In statistics, the conditional joint probabilities shows these advantages are more likely to appear in 'good' class than 'unacc' class.

![title](acc.png)

We can find that both buying price and maintenance price are low. And it has more doors and great capacity in terms of persons to carry. Its safety is also not bad.
Here we can count it to have 4 and a half advantages.
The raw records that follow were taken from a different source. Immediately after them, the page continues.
(* Let $N\ge2$. For an integer $M\ge1$ and $q\in[0,1]^M$ say that $q$ satisfies $(E_M)$ if $M+(d^2-1)\sum_{i=1}^Mq_i=d(d-1)+\frac{(\sum_{i=1}^M\sqrt{(d^2-1)q_i+1})^2}{M+d-1}$. Let $p\in[0,1]^{N-1}$ satisfy $(E_{N-1})$. Then $(p,0)\in[0,1]^N$ satisfies $(E_N)$ if and only if $p=e_i$ for some $1\le i\le N-1$, where $e_i$ is the $i$-th standard basis vector of $\mathbb R^{N-1}$.
   Context: $d\ge2$ is an integer (the Hilbert space dimension). *)

theory Defs
  imports "HOL-Analysis.Analysis"
begin

text \<open>Vectors q in [0,1]^M are represented as functions nat => real, with
components q 0, ..., q (M-1) (0-based indexing). Condition (E_M) for dimension d.\<close>

definition in_unit_cube :: "nat \<Rightarrow> (nat \<Rightarrow> real) \<Rightarrow> bool" where
  "in_unit_cube M q \<longleftrightarrow> (\<forall>i<M. 0 \<le> q i \<and> q i \<le> 1)"

definition satisfies_E :: "nat \<Rightarrow> nat \<Rightarrow> (nat \<Rightarrow> real) \<Rightarrow> bool" where
  "satisfies_E d M q \<longleftrightarrow>
     real M + (real d ^ 2 - 1) * (\<Sum>i<M. q i)
       = real d * (real d - 1)
         + (\<Sum>i<M. sqrt ((real d ^ 2 - 1) * q i + 1)) ^ 2 / (real M + real d - 1)"

end

theory Submission
  imports Defs
begin

text \<open>Writing \<open>S = \<Sum>i. sqrt ((d\<^sup>2 - 1) p\<^sub>i + 1)\<close> and \<open>K = N + d - 2\<close>, subtracting \<open>(E\<^sub>N\<^sub>-\<^sub>1)\<close>
  from \<open>(E\<^sub>N)\<close> for \<open>(p, 0)\<close> leaves \<open>S\<^sup>2 / K + 1 = (S + 1)\<^sup>2 / (K + 1)\<close>, i.e. \<open>(S - K)\<^sup>2 = 0\<close>.
  Given \<open>S = K\<close>, \<open>(E\<^sub>N\<^sub>-\<^sub>1)\<close> forces \<open>\<Sum>i. p\<^sub>i = 1\<close>. By concavity of the square root,
  \<open>sqrt ((d\<^sup>2 - 1) q + 1) \<ge> 1 + (d - 1) q\<close> on \<open>[0, 1]\<close> with equality only at the endpoints,
  so \<open>S \<ge> N - 1 + (d - 1) \<Sum>i. p\<^sub>i = K\<close>, and equality forces \<open>p\<close> to be a 0-1 vector of
  sum 1, i.e. a standard basis vector.\<close>

lemma sqrt_chord_square:
  fixes a q :: real
  shows "(1 + (a - 1) * q)\<^sup>2 - ((a\<^sup>2 - 1) * q + 1) = (a - 1)\<^sup>2 * q * (q - 1)"
  by (simp add: algebra_simps power2_eq_square)

lemma sqrt_chord_le:
  fixes a q :: real
  assumes "0 \<le> a" "0 \<le> q" "q \<le> 1"
  shows "1 + (a - 1) * q \<le> sqrt ((a\<^sup>2 - 1) * q + 1)"
proof -
  have "(a - 1)\<^sup>2 * q * (q - 1) \<le> 0"
    using assms by (simp add: mult_nonneg_nonpos)
  then have "(1 + (a - 1) * q)\<^sup>2 \<le> (a\<^sup>2 - 1) * q + 1"
    using sqrt_chord_square[of a q] by linarith
  then show ?thesis
    using real_le_rsqrt by blast
qed

lemma sqrt_chord_eq_iff:
  fixes a q :: real
  assumes "0 \<le> a" "a \<noteq> 1" "0 \<le> q" "q \<le> 1"
  shows "sqrt ((a\<^sup>2 - 1) * q + 1) = 1 + (a - 1) * q \<longleftrightarrow> q = 0 \<or> q = 1"
proof -
  have "1 + (a - 1) * q = (1 - q) + a * q"
    by (simp add: algebra_simps)
  then have "0 \<le> 1 + (a - 1) * q"
    using assms mult_nonneg_nonneg[of a q] by linarith
  then have "sqrt ((a\<^sup>2 - 1) * q + 1) = 1 + (a - 1) * q \<longleftrightarrow>
             sqrt ((a\<^sup>2 - 1) * q + 1) = sqrt ((1 + (a - 1) * q)\<^sup>2)"
    by simp
  also have "\<dots> \<longleftrightarrow> (a\<^sup>2 - 1) * q + 1 = (1 + (a - 1) * q)\<^sup>2"
    by (rule real_sqrt_eq_iff)
  also have "\<dots> \<longleftrightarrow> (a - 1)\<^sup>2 * q * (q - 1) = 0"
    using sqrt_chord_square[of a q] by linarith
  also have "\<dots> \<longleftrightarrow> q = 0 \<or> q = 1"
    using assms by simp
  finally show ?thesis .
qed

lemma sum_sqrt_chord_eq_iff:
  fixes a :: real and q :: "nat \<Rightarrow> real"
  assumes "0 \<le> a" "a \<noteq> 1" "in_unit_cube M q"
  shows "(\<Sum>i<M. sqrt ((a\<^sup>2 - 1) * q i + 1)) = real M + (a - 1) * (\<Sum>i<M. q i)
         \<longleftrightarrow> (\<forall>i<M. q i = 0 \<or> q i = 1)"
proof -
  have q: "0 \<le> q i" "q i \<le> 1" if "i < M" for i
    using assms(3) that by (auto simp: in_unit_cube_def)
  have "real M + (a - 1) * (\<Sum>i<M. q i) = (\<Sum>i<M. 1 + (a - 1) * q i)"
    by (simp add: sum.distrib sum_distrib_left)
  then have "(\<Sum>i<M. sqrt ((a\<^sup>2 - 1) * q i + 1)) = real M + (a - 1) * (\<Sum>i<M. q i)
             \<longleftrightarrow> (\<Sum>i<M. sqrt ((a\<^sup>2 - 1) * q i + 1) - (1 + (a - 1) * q i)) = 0"
    by (simp add: sum_subtractf)
  also have "\<dots> \<longleftrightarrow> (\<forall>i<M. sqrt ((a\<^sup>2 - 1) * q i + 1) = 1 + (a - 1) * q i)"
    using sqrt_chord_le[OF assms(1) q] by (subst sum_nonneg_eq_0_iff) auto
  also have "\<dots> \<longleftrightarrow> (\<forall>i<M. q i = 0 \<or> q i = 1)"
    using sqrt_chord_eq_iff[OF assms(1,2) q] by auto
  finally show ?thesis .
qed

lemma binary_sum_eq_one_iff_unit_vector:
  fixes q :: "nat \<Rightarrow> 'a::linordered_semidom"
  shows "(\<forall>i<M. q i = 0 \<or> q i = 1) \<and> (\<Sum>i<M. q i) = 1
         \<longleftrightarrow> (\<exists>i<M. \<forall>j<M. q j = (if j = i then 1 else 0))"
proof
  assume binary: "(\<forall>i<M. q i = 0 \<or> q i = 1) \<and> (\<Sum>i<M. q i) = 1"
  then obtain i where i: "i < M" "q i = 1"
    by (metis (no_types, lifting) lessThan_iff sum.neutral zero_neq_one)
  have "q j = 0" if j: "j < M" "j \<noteq> i" for j
  proof (rule ccontr)
    assume "q j \<noteq> 0"
    then have "1 + 1 = (\<Sum>k\<in>{i, j}. q k)"
      using binary i j by auto
    also have "\<dots> \<le> (\<Sum>k<M. q k)"
      using binary i j by (intro sum_mono2) auto
    also have "\<dots> = 1"
      using binary by simp
    finally show False
      using less_add_one[of "1::'a"] by simp
  qed
  then show "\<exists>i<M. \<forall>j<M. q j = (if j = i then 1 else 0)"
    using i by auto
next
  assume "\<exists>i<M. \<forall>j<M. q j = (if j = i then 1 else 0)"
  then obtain i where "i < M" "\<And>j. j < M \<Longrightarrow> q j = (if j = i then 1 else 0)"
    by blast
  then show "(\<forall>i<M. q i = 0 \<or> q i = 1) \<and> (\<Sum>i<M. q i) = 1"
    by simp
qed

lemma square_div_succ_eq_iff:
  fixes S K :: real
  assumes "0 < K"
  shows "S\<^sup>2 / K + 1 = (S + 1)\<^sup>2 / (K + 1) \<longleftrightarrow> S = K"
proof -
  have "S\<^sup>2 / K + 1 = (S + 1)\<^sup>2 / (K + 1) \<longleftrightarrow> (S\<^sup>2 + K) * (K + 1) = K * (S + 1)\<^sup>2"
    using assms by (simp add: field_simps)
  also have "\<dots> \<longleftrightarrow> (S - K)\<^sup>2 = 0"
    by (simp add: algebra_simps power2_eq_square)
  finally show ?thesis
    by simp
qed

lemma satisfies_E_extend_zero_iff:
  assumes "M + d \<ge> 2" "satisfies_E d M q"
  shows "satisfies_E d (Suc M) (q(M := 0))
         \<longleftrightarrow> (\<Sum>i<M. sqrt ((real d ^ 2 - 1) * q i + 1)) = real M + real d - 1"
proof -
  define S where "S = (\<Sum>i<M. sqrt ((real d ^ 2 - 1) * q i + 1))"
  have K: "0 < real M + real d - 1"
    using assms(1) by linarith
  have "(\<Sum>i<Suc M. (q(M := 0)) i) = (\<Sum>i<M. q i)"
       "(\<Sum>i<Suc M. sqrt ((real d ^ 2 - 1) * (q(M := 0)) i + 1)) = S + 1"
    by (auto simp: S_def intro!: sum.cong)
  then have "satisfies_E d (Suc M) (q(M := 0))
             \<longleftrightarrow> S\<^sup>2 / (real M + real d - 1) + 1 = (S + 1)\<^sup>2 / ((real M + real d - 1) + 1)"
    using assms(2) by (simp add: satisfies_E_def S_def add_ac)
  then show ?thesis
    using square_div_succ_eq_iff[OF K] by (simp add: S_def)
qed

lemma satisfies_E_sum_eq_one:
  assumes "d \<ge> 2" "satisfies_E d M q"
    and "(\<Sum>i<M. sqrt ((real d ^ 2 - 1) * q i + 1)) = real M + real d - 1"
  shows "(\<Sum>i<M. q i) = 1"
proof -
  have K: "0 < real M + real d - 1"
    using assms(1) by linarith
  have "real M + (real d ^ 2 - 1) * (\<Sum>i<M. q i) = real d * (real d - 1) + (real M + real d - 1)"
    using assms(2,3) K by (simp add: satisfies_E_def power2_eq_square)
  also have "\<dots> = real M + (real d ^ 2 - 1)"
    by (simp add: algebra_simps power2_eq_square)
  finally have "(real d ^ 2 - 1) * (\<Sum>i<M. q i) = (real d ^ 2 - 1) * 1"
    by simp
  moreover have "real d ^ 2 - 1 \<noteq> 0"
    using power_mono[of 2 "real d" 2] assms(1) by simp
  ultimately show ?thesis
    by simp
qed

theorem mainTheorem17:
  fixes d N :: nat and p :: "nat \<Rightarrow> real"
  assumes "d \<ge> 2" and "N \<ge> 2"
    and "in_unit_cube (N - 1) p"
    and "satisfies_E d (N - 1) p"
  shows "satisfies_E d N (p(N - 1 := 0)) \<longleftrightarrow>
         (\<exists>i<N - 1. \<forall>j<N - 1. p j = (if j = i then 1 else 0))"
proof -
  obtain M where N: "N = Suc M"
    using assms(2) by (cases N) auto
  define S where "S = (\<Sum>i<M. sqrt ((real d ^ 2 - 1) * p i + 1))"
  have E: "satisfies_E d M p" and cube: "in_unit_cube M p"
    using assms(3,4) N by auto
  have chord: "S = real M + (real d - 1) * (\<Sum>i<M. p i) \<longleftrightarrow> (\<forall>i<M. p i = 0 \<or> p i = 1)"
    unfolding S_def using sum_sqrt_chord_eq_iff[OF _ _ cube, of "real d"] assms(1) by simp
  have "satisfies_E d N (p(N - 1 := 0)) \<longleftrightarrow> S = real M + real d - 1"
    using satisfies_E_extend_zero_iff[OF _ E] assms(1) N by (simp add: S_def)
  also have "\<dots> \<longleftrightarrow> (\<forall>i<M. p i = 0 \<or> p i = 1) \<and> (\<Sum>i<M. p i) = 1"
    using satisfies_E_sum_eq_one[OF assms(1) E] chord by (auto simp: S_def)
  also have "\<dots> \<longleftrightarrow> (\<exists>i<M. \<forall>j<M. p j = (if j = i then 1 else 0))"
    by (rule binary_sum_eq_one_iff_unit_vector)
  finally show ?thesis
    unfolding N by simp
qed

end
(* Let $F=\mathbb{F}_{2^8}$, $V=F^{16}$, let $\mathsf M$ be the AES mixing layer and $t$ its order in $\mathrm{GL}(V)$, and let $\alpha:V\to(\mathbb{F}_2)^{4096t}$, $\alpha(v)=(\varepsilon(v),\varepsilon(\mathsf Mv),\dots,\varepsilon(\mathsf M^{t-1}v))$. Let $\mathcal G$ be the subgroup of $\mathrm{Sym}(V)$ generated by $\tilde{\mathcal G}$, $\bar{\mathcal G}$ and $\mathsf M$. Then $\alpha$ is a space embedding with respect to $\mathcal G$: for every $\sigma\in\mathcal G$ there exists $A_\sigma\in\mathrm{GL}((\mathbb{F}_2)^{4096t})$ with $\alpha\circ\sigma=A_\sigma\circ\alpha$.
   Context: $F=\mathbb{F}_2[x]/(x^8+x^4+x^3+x+1)$; write $\bar x$ for the class of $x$. $V=F^{16}$ is viewed as an $\mathbb{F}_2$-space of dimension 128, with elements $(s_0,\dots,s_{15})$. ShiftRows is $(s_0,\dots,s_{15})\mapsto(s_0,s_5,s_{10},s_{15},s_4,s_9,s_{14},s_3,s_8,s_{13},s_2,s_7,s_{12},s_1,s_6,s_{11})$. MixColumns replaces each column $(s_{4c},s_{4c+1},s_{4c+2},s_{4c+3})^T$, $c=0,1,2,3$, by $C(s_{4c},\dots,s_{4c+3})^T$ with $C=\begin{pmatrix}\bar x&\bar x+1&1&1\\1&\bar x&\bar x+1&1\\1&1&\bar x&\bar x+1\\\bar x+1&1&1&\bar x\end{pmatrix}$. The AES mixing layer is $\mathsf M=\text{MixColumns}\circ\text{ShiftRows}$ (ShiftRows applied first). Let $\gamma$ be a primitive element of $F$, $e_1,\dots,e_{256}$ the standard basis of $(\mathbb{F}_2)^{256}$, $\varepsilon':F\to(\mathbb{F}_2)^{256}$ given by $\varepsilon'(0)=e_1$, $\varepsilon'(\gamma^i)=e_{i+1}$ ($1\le i\le255$), and $\varepsilon(y_1,\dots,y_{16})=(\varepsilon'(y_1),\dots,\varepsilon'(y_{16}))\in(\mathbb{F}_2)^{4096}$. $\tilde{\mathcal G}$ is the set of maps $(y_1,\dots,y_{16})\mapsto(ay_1+c,\dots,ay_{16}+c)$ with $a\in F\setminus\{0\}$, $c\in F$; $\bar{\mathcal G}$ is the set of translations $v\mapsto v+d$, $d\in V$. *)

theory Defs
  imports "HOL-Library.Z2" "HOL-Computational_Algebra.Polynomial"
    "HOL-Algebra.Bij" "HOL-Algebra.Generated_Groups" "Jordan_Normal_Form.Matrix"
begin

definition aes_poly :: "bit poly" where
  "aes_poly = [:1, 1, 0, 1, 1, 0, 0, 0, 1:]"

definition GF :: "bit poly set" where
  "GF = {p. degree p < 8}"
definition schwarz_opt ::
  "nat \<Rightarrow> (real \<times> real) set \<Rightarrow> (real \<times> real) set \<Rightarrow> real \<Rightarrow> gridfun \<Rightarrow> gridfun
     \<Rightarrow> (nat \<Rightarrow> gridfun) \<Rightarrow> (nat \<Rightarrow> gridfun) \<Rightarrow> bool" where
  "schwarz_opt N O1 O2 \<alpha> F Yd Ys Ps \<longleftrightarrow>
     (\<forall>(a,b) \<in> boundary_pts N. Ys 0 a b = 0 \<and> Ps 0 a b = 0) \<and>
     (\<forall>m \<ge> 1.
        (\<forall>(a,b) \<in> active_sub N O1 O2 m.
           lap5 N (Ys m) a b = F a b - (1/\<alpha>) * (real N)^2 * Ps m a b \<and>
           lap5 N (\<lambda>i j. (real N)^2 * Ps m i j) a b = Ys m a b - Yd a b) \<and>
        (\<forall>(a,b) \<in> grid_pts N - active_sub N O1 O2 m.
           Ys m a b = Ys (m-1) a b \<and> Ps m a b = Ps (m-1) a b))"

definition err :: "nat \<Rightarrow> real \<Rightarrow> gridfun \<Rightarrow> gridfun \<Rightarrow> gridfun \<Rightarrow> gridfun \<Rightarrow> gridfun" where
  "err N \<alpha> Y P Yj Pj = (\<lambda>a b. (Y a b - Yj a b)^2 + (1/\<alpha>) * (real N)^4 * (P a b - Pj a b)^2)"

end

theory Submission
  imports Defs "HOL-Library.Function_Algebras"
begin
There's only one feature that it does not perform well.
In statistics, the conditional joint probabilities shows these advantages are more likely to appear in 'good' class than 'acc' class.

![title](good.png)

We can find that there is no huge difference between the likelihood of that the instance is 'good' and the likelihood that the instance is 'acc'.
One likelihood is around 0.00026, and another one is around 0.00034.
According to calculated conditional joint probabilities, we can see different feature has different weight when calculating the probabilities.
For example, we can easily see that the weight on large luggage boot and the weight on medium luggage boot is about the same.
In this case, the disadvantages and the not-that-significant advantages mislead the classification.

![title](vgood.png)

From the calculated conditional joint probabilities, we can see that P(3 | good) = 0.3250, and P(3 | vgood) = 0.1935, which means as for the single feature 'doors', 3 doors are more likely to be considered
as 'good' instead of 'vgood'.
And also, as for buying price, P(low | good) = 0.6750 and P(low | vgood) = 0.6129, we can see, in general, low buying price lead more to the class 'good' instead of 'vgood'.